[Data records]
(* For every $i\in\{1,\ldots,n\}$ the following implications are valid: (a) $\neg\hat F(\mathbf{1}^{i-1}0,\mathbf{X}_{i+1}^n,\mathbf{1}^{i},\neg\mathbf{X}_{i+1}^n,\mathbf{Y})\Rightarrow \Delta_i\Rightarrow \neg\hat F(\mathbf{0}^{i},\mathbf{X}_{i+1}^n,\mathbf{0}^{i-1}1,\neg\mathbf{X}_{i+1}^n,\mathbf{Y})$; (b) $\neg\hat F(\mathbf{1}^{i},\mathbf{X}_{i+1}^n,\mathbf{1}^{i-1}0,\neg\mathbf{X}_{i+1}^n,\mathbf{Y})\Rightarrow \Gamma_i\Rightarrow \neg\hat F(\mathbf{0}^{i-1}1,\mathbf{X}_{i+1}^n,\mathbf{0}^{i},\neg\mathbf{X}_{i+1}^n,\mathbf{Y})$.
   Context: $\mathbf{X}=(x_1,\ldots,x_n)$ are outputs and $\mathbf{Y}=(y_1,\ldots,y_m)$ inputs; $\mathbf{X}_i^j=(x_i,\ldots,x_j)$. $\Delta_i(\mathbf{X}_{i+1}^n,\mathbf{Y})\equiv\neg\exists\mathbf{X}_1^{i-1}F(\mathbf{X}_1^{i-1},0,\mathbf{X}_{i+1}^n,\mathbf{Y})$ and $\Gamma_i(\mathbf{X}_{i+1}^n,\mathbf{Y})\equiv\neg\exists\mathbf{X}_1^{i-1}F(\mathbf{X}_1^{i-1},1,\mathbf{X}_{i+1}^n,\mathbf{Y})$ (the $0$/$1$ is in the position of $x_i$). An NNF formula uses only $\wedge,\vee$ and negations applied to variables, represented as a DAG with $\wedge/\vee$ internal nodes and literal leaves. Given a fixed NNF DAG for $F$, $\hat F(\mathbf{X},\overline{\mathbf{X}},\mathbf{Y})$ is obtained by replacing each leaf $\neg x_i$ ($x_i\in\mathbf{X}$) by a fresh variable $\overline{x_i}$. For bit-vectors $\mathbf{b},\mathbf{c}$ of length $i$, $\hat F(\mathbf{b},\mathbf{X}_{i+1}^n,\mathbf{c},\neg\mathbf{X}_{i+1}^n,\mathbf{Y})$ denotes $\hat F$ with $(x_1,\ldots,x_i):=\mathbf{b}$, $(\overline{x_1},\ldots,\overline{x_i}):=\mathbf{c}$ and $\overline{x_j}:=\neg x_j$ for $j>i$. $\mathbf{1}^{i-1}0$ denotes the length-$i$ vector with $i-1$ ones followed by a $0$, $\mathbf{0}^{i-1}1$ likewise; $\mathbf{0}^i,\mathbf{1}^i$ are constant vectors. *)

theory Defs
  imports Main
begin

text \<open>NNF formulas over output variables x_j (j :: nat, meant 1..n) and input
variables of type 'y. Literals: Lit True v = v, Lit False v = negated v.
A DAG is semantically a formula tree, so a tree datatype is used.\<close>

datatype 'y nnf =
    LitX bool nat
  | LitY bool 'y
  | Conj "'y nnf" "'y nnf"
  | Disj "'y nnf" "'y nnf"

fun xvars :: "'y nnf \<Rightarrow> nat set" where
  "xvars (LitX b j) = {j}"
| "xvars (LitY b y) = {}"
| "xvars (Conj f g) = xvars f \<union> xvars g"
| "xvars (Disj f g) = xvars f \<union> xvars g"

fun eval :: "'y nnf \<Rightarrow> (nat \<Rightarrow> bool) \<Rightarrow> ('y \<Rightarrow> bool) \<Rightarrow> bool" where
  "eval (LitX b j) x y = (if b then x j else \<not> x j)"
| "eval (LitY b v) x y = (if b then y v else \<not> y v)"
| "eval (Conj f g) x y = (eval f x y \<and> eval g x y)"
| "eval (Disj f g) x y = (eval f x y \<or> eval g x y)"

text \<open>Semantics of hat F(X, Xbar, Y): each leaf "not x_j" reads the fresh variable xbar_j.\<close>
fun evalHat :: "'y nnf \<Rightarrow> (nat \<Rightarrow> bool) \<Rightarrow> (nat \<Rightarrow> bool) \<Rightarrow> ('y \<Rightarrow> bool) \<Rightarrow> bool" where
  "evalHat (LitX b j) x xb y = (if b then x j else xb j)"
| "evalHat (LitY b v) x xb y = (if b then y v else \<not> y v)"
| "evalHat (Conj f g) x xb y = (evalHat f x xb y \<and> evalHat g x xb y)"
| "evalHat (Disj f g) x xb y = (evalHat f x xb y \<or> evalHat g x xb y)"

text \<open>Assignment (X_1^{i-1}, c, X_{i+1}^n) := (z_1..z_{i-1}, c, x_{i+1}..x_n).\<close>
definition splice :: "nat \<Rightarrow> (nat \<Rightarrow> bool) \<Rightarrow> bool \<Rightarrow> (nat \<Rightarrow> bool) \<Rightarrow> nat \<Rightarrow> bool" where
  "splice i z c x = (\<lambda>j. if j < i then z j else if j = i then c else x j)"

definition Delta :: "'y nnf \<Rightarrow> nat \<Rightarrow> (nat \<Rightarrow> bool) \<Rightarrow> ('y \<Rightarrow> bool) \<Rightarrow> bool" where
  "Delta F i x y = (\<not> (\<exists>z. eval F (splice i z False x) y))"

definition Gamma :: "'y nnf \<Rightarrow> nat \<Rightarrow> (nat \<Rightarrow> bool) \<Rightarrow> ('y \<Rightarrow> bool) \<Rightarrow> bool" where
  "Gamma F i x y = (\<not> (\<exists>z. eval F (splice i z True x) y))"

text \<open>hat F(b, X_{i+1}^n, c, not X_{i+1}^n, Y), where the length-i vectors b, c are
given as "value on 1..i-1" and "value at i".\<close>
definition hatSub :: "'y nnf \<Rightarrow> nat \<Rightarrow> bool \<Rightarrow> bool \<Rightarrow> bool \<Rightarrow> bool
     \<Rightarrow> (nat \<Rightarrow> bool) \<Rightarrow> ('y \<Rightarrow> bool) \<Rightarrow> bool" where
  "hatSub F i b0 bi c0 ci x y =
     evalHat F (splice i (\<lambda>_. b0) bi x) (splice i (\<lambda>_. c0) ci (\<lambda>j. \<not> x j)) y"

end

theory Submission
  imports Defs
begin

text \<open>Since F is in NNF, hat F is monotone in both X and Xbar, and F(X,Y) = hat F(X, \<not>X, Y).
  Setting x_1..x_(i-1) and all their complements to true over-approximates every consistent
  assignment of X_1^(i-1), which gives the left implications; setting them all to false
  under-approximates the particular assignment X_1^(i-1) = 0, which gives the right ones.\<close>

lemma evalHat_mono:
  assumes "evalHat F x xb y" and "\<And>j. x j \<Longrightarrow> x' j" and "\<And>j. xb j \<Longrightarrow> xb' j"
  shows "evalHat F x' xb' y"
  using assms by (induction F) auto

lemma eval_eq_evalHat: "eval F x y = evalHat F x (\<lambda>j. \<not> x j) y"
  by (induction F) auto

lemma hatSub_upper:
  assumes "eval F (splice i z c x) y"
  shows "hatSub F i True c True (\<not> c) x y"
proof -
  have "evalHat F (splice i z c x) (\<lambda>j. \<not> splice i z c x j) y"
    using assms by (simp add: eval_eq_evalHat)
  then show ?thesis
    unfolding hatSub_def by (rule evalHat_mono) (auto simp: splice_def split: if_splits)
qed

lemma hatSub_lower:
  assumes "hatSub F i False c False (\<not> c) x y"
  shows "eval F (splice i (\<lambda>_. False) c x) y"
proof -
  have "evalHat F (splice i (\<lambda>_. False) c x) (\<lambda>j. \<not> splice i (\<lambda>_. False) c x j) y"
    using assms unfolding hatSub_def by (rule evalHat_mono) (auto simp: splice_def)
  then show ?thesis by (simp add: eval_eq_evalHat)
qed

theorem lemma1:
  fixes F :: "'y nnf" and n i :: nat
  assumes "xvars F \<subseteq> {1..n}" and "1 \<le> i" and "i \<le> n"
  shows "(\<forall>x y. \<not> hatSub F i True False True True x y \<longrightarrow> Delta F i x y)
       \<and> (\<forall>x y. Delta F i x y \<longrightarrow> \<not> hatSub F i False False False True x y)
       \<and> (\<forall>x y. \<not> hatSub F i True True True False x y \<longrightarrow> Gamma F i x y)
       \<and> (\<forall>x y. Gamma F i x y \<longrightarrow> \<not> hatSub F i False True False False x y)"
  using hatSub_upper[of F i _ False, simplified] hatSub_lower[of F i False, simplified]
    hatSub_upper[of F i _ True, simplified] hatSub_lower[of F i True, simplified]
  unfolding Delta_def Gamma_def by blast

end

▶ _Task to carry out_: Looking at the records above, report how many lines contain the word "else". Answer with the number only.

▶ _Your response_: 5